The problem: The stretch wanted below opens at the line containing "using suminf_split_head[OF summable(1)]" and closes at the line containing "define A where". Please return it exactly, with no other lines.

(Stored dataset items)
↓↓↓
(* For the discounted MDP $M_\theta$ and any policy $\pi$, $\mathbb E_\theta[\mathrm{Regret}_\theta(T)]\ge\mathbb E_\theta\big[\sum_{t=1}^TV^*(s_t)-\frac1{1-\gamma}\sum_{t=1}^Tr(s_t,a_t)-\frac{\gamma}{(1-\gamma)^2}\big]$.
   Context: $M_\theta$: two states $x_0,x_1$, actions $\mathcal A=\{-1,1\}^{d-1}$, rewards $r(x_0,a)=0$, $r(x_1,a)=1$, transitions $p(x_1\mid x_0,a)=1/(1+(\delta^{-1}-1)e^{-a^\top\theta})$, $p(x_0\mid x_1,a)=\delta$ (remaining mass on staying), with $\delta=1-\gamma$, discount factor $\gamma\in(0,1)$, and $\theta\in\mathbb R^{d-1}$. A (history-dependent) policy $\pi$ is run from $s_1=x_0$; $\mathbb E_\theta$ is expectation over the resulting trajectory. $V^\pi_t(s)=\mathbb E[\sum_{i\ge0}\gamma^ir(s_{t+i},a_{t+i})\mid s_t=s]$ (given the history), $V^*$ is the optimal discounted value function, and $\mathrm{Regret}_\theta(T)=\sum_{t=1}^TV^*(s_t)-\sum_{t=1}^TV^\pi_t(s_t)$. *)

theory Defs
  imports "HOL-Probability.Probability"
begin

text \<open>States: False = x0, True = x1.
  A history-dependent (possibly randomized) policy maps the list of completed
  (state, action) pairs together with the current state to a distribution over actions.\<close>

type_synonym act = "real list"
type_synonym hist = "(bool \<times> act) list"
type_synonym policy = "hist \<Rightarrow> bool \<Rightarrow> act pmf"

definition actions :: "nat \<Rightarrow> act set" where
  "actions d = {a. length a = d - 1 \<and> (\<forall>x\<in>set a. x = -1 \<or> x = 1)}"

definition inner_list :: "real list \<Rightarrow> real list \<Rightarrow> real" where
  "inner_list a b = sum_list (map2 (*) a b)"

definition rew :: "bool \<Rightarrow> act \<Rightarrow> real" where
  "rew s a = (if s then 1 else 0)"

text \<open>delta = 1 - gamma\<close>
definition trans :: "real list \<Rightarrow> real \<Rightarrow> bool \<Rightarrow> act \<Rightarrow> bool pmf" where
  "trans \<theta> \<gamma> s a =
     (if s then bernoulli_pmf (1 - (1 - \<gamma>))
      else bernoulli_pmf (1 / (1 + (1 / (1 - \<gamma>) - 1) * exp (- inner_list a \<theta>))))"

definition valid_policy :: "nat \<Rightarrow> policy \<Rightarrow> bool" where
  "valid_policy d \<pi> \<longleftrightarrow> (\<forall>h s. set_pmf (\<pi> h s) \<subseteq> actions d)"

definition step :: "real list \<Rightarrow> real \<Rightarrow> policy \<Rightarrow> hist \<times> bool \<Rightarrow> (hist \<times> bool) pmf" where
  "step \<theta> \<gamma> \<pi> hs = (case hs of (h, s) \<Rightarrow>
      bind_pmf (\<pi> h s) (\<lambda>a. map_pmf (\<lambda>s'. (h @ [(s, a)], s')) (trans \<theta> \<gamma> s a)))"

primrec run :: "real list \<Rightarrow> real \<Rightarrow> policy \<Rightarrow> nat \<Rightarrow> hist \<times> bool \<Rightarrow> (hist \<times> bool) pmf" where
  "run \<theta> \<gamma> \<pi> 0 hs = return_pmf hs"
| "run \<theta> \<gamma> \<pi> (Suc n) hs = bind_pmf (run \<theta> \<gamma> \<pi> n hs) (step \<theta> \<gamma> \<pi>)"

definition Vpi :: "real list \<Rightarrow> real \<Rightarrow> policy \<Rightarrow> hist \<Rightarrow> bool \<Rightarrow> real" where
  "Vpi \<theta> \<gamma> \<pi> h s =
     (\<Sum>i. \<gamma> ^ i * measure_pmf.expectation (run \<theta> \<gamma> \<pi> i (h, s))
              (\<lambda>(h', s'). measure_pmf.expectation (\<pi> h' s') (\<lambda>a. rew s' a)))"

definition Vstar :: "nat \<Rightarrow> real list \<Rightarrow> real \<Rightarrow> bool \<Rightarrow> real" where
  "Vstar d \<theta> \<gamma> s = (SUP \<pi>\<in>{\<pi>. valid_policy d \<pi>}. Vpi \<theta> \<gamma> \<pi> [] s)"

text \<open>Regret_theta(T) along a trajectory whose first T steps are
  h = [(s_1,a_1),...,(s_T,a_T)]; V_t^pi(s_t) is evaluated given history take (t-1) h.\<close>
definition regret :: "nat \<Rightarrow> real list \<Rightarrow> real \<Rightarrow> policy \<Rightarrow> nat \<Rightarrow> hist \<Rightarrow> real" where
  "regret d \<theta> \<gamma> \<pi> T h =
     (\<Sum>t<T. Vstar d \<theta> \<gamma> (fst (h ! t))) - (\<Sum>t<T. Vpi \<theta> \<gamma> \<pi> (take t h) (fst (h ! t)))"

end

theory Submission
  imports Defs
begin

text \<open>The optimal values V* cancel, so everything reduces to bounding the expected sum of the
  policy values. Let q k be the expected reward at step k. By the tower property the expected
  value of the policy at time t is the discounted tail S t = \<Sum>i. \<gamma>^i q (t + i), which
  satisfies S t = q t + \<gamma> S (t + 1) and 0 \<le> S t \<le> 1/(1 - \<gamma>). Summing the recursion over
  t < T gives (1 - \<gamma>) \<Sum>t<T. S t = \<Sum>t<T. q t - \<gamma> S 0 + \<gamma> S T \<le> \<Sum>t<T. q t + \<gamma>/(1 - \<gamma>).\<close>

lemma integrable_measure_pmf_bounded:
  fixes f :: "'a \<Rightarrow> real"
  assumes "\<And>x. \<bar>f x\<bar> \<le> B"
  shows "integrable (measure_pmf p) f"
  using assms by (intro measure_pmf.integrable_const_bound[where B = B]) auto

lemma expectation_bind_pmf_bounded:
  fixes f :: "'b \<Rightarrow> real"
  assumes "\<And>x. \<bar>f x\<bar> \<le> B"
  shows "measure_pmf.expectation (bind_pmf p q) f
       = measure_pmf.expectation p (\<lambda>x. measure_pmf.expectation (q x) f)"
  unfolding measure_pmf_bind
  using assms
  by (intro integral_bind[where K = "count_space UNIV" and B = B and B' = 1])
     (auto simp: measure_pmf.emeasure_space_1 space_subprob_algebra subprob_space_measure_pmf)

lemma summable_geometric_times_bounded:
  fixes \<gamma> :: real
  assumes "\<bar>\<gamma>\<bar> < 1" and "\<And>i. \<bar>a i\<bar> \<le> B"
  shows "summable (\<lambda>i. \<gamma> ^ i * a i)"
proof (rule summable_comparison_test)
  show "\<exists>N. \<forall>n\<ge>N. norm (\<gamma> ^ n * a n) \<le> B * \<bar>\<gamma>\<bar> ^ n"
    using assms(2) by (auto simp: abs_mult power_abs mult.commute[of B] intro!: mult_left_mono)
  show "summable (\<lambda>n. B * \<bar>\<gamma>\<bar> ^ n)"
    using assms(1) by (intro summable_mult summable_geometric) simp
qed

lemma discounted_sum_bounds:
  fixes \<gamma> :: real
  assumes "0 \<le> \<gamma>" "\<gamma> < 1" and "\<And>i. 0 \<le> a i" "\<And>i. a i \<le> 1"
  shows "0 \<le> (\<Sum>i. \<gamma> ^ i * a i)" and "(\<Sum>i. \<gamma> ^ i * a i) \<le> 1 / (1 - \<gamma>)"
proof -
  have summable: "summable (\<lambda>i. \<gamma> ^ i * a i)"
    using assms by (intro summable_geometric_times_bounded[where B = 1]) (auto simp: abs_le_iff)
  show "0 \<le> (\<Sum>i. \<gamma> ^ i * a i)"
    using assms by (intro suminf_nonneg[OF summable]) simp
  have "(\<Sum>i. \<gamma> ^ i * a i) \<le> (\<Sum>i. \<gamma> ^ i)"
    using assms by (intro suminf_le[OF _ summable]) (auto intro!: mult_left_le simp: summable_geometric)
  also have "\<dots> = 1 / (1 - \<gamma>)"
    using assms by (simp add: suminf_geometric)
  finally show "(\<Sum>i. \<gamma> ^ i * a i) \<le> 1 / (1 - \<gamma>)" .
qed

definition discounted_tail :: "real \<Rightarrow> (nat \<Rightarrow> real) \<Rightarrow> nat \<Rightarrow> real" where
  "discounted_tail \<gamma> q t = (\<Sum>i. \<gamma> ^ i * q (t + i))"

lemma discounted_tail_Suc:
  fixes \<gamma> :: real
  assumes "\<bar>\<gamma>\<bar> < 1" and "\<And>i. \<bar>q i\<bar> \<le> B"
  shows "discounted_tail \<gamma> q t = q t + \<gamma> * discounted_tail \<gamma> q (Suc t)"
proof -
  have summable: "summable (\<lambda>i. \<gamma> ^ i * q (t + i))" "summable (\<lambda>i. \<gamma> ^ i * q (Suc t + i))"
    using assms by (auto intro!: summable_geometric_times_bounded)
  have "(\<Sum>i. \<gamma> ^ i * q (t + i)) - q t = (\<Sum>i. \<gamma> * (\<gamma> ^ i * q (Suc t + i)))"
    using suminf_split_head[OF summable(1)] by (simp add: mult.assoc)
  also have "\<dots> = \<gamma> * (\<Sum>i. \<gamma> ^ i * q (Suc t + i))"
    using summable(2) by (rule suminf_mult)
  finally show ?thesis
    unfolding discounted_tail_def by simp
qed

lemma sum_discounted_tail_le:
  fixes \<gamma> :: real
  assumes "0 \<le> \<gamma>" "\<gamma> < 1" and "\<And>i. 0 \<le> q i" "\<And>i. q i \<le> 1"
  shows "(\<Sum>t<T. discounted_tail \<gamma> q t) \<le> 1 / (1 - \<gamma>) * (\<Sum>t<T. q t) + \<gamma> / (1 - \<gamma>)^2"
proof -
  define S where "S = discounted_tail \<gamma> q"
  define A where "A = (\<Sum>t<T. S t)"
  define Q where "Q = (\<Sum>t<T. q t)"
  have S_bounds: "0 \<le> S t" "S t \<le> 1 / (1 - \<gamma>)" for t
    unfolding S_def discounted_tail_def using assms by (auto intro: discounted_sum_bounds)
  have "A = (\<Sum>t<T. q t + \<gamma> * S (Suc t))"
    unfolding A_def S_def using assms
    by (intro sum.cong refl discounted_tail_Suc[where B = 1]) (auto simp: abs_le_iff)
  also have "\<dots> = Q + \<gamma> * (A - S 0 + S T)"
  proof -
    have "(\<Sum>t<T. S (Suc t)) = A - S 0 + S T"
      unfolding A_def by (induction T) auto
    then show ?thesis
      unfolding Q_def by (simp add: sum.distrib sum_distrib_left[symmetric])
  qed
  finally have "(1 - \<gamma>) * A = Q - \<gamma> * S 0 + \<gamma> * S T"
    by (simp add: algebra_simps)
  also have "\<dots> \<le> Q + \<gamma> / (1 - \<gamma>)"
    using mult_nonneg_nonneg[OF assms(1) S_bounds(1)[of 0]] mult_left_mono[OF S_bounds(2)[of T] assms(1)]
    by simp
  finally have "A \<le> (Q + \<gamma> / (1 - \<gamma>)) / (1 - \<gamma>)"
    using assms by (simp add: pos_le_divide_eq mult.commute)
  then show ?thesis
    unfolding A_def Q_def S_def by (simp add: add_divide_distrib power2_eq_square)
qed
↑↑↑
Finished exercise:
    using suminf_split_head[OF summable(1)] by (simp add: mult.assoc)
  also have "\<dots> = \<gamma> * (\<Sum>i. \<gamma> ^ i * q (Suc t + i))"
    using summable(2) by (rule suminf_mult)
  finally show ?thesis
    unfolding discounted_tail_def by simp
qed

lemma sum_discounted_tail_le:
  fixes \<gamma> :: real
  assumes "0 \<le> \<gamma>" "\<gamma> < 1" and "\<And>i. 0 \<le> q i" "\<And>i. q i \<le> 1"
  shows "(\<Sum>t<T. discounted_tail \<gamma> q t) \<le> 1 / (1 - \<gamma>) * (\<Sum>t<T. q t) + \<gamma> / (1 - \<gamma>)^2"
proof -
  define S where "S = discounted_tail \<gamma> q"
  define A where "A = (\<Sum>t<T. S t)"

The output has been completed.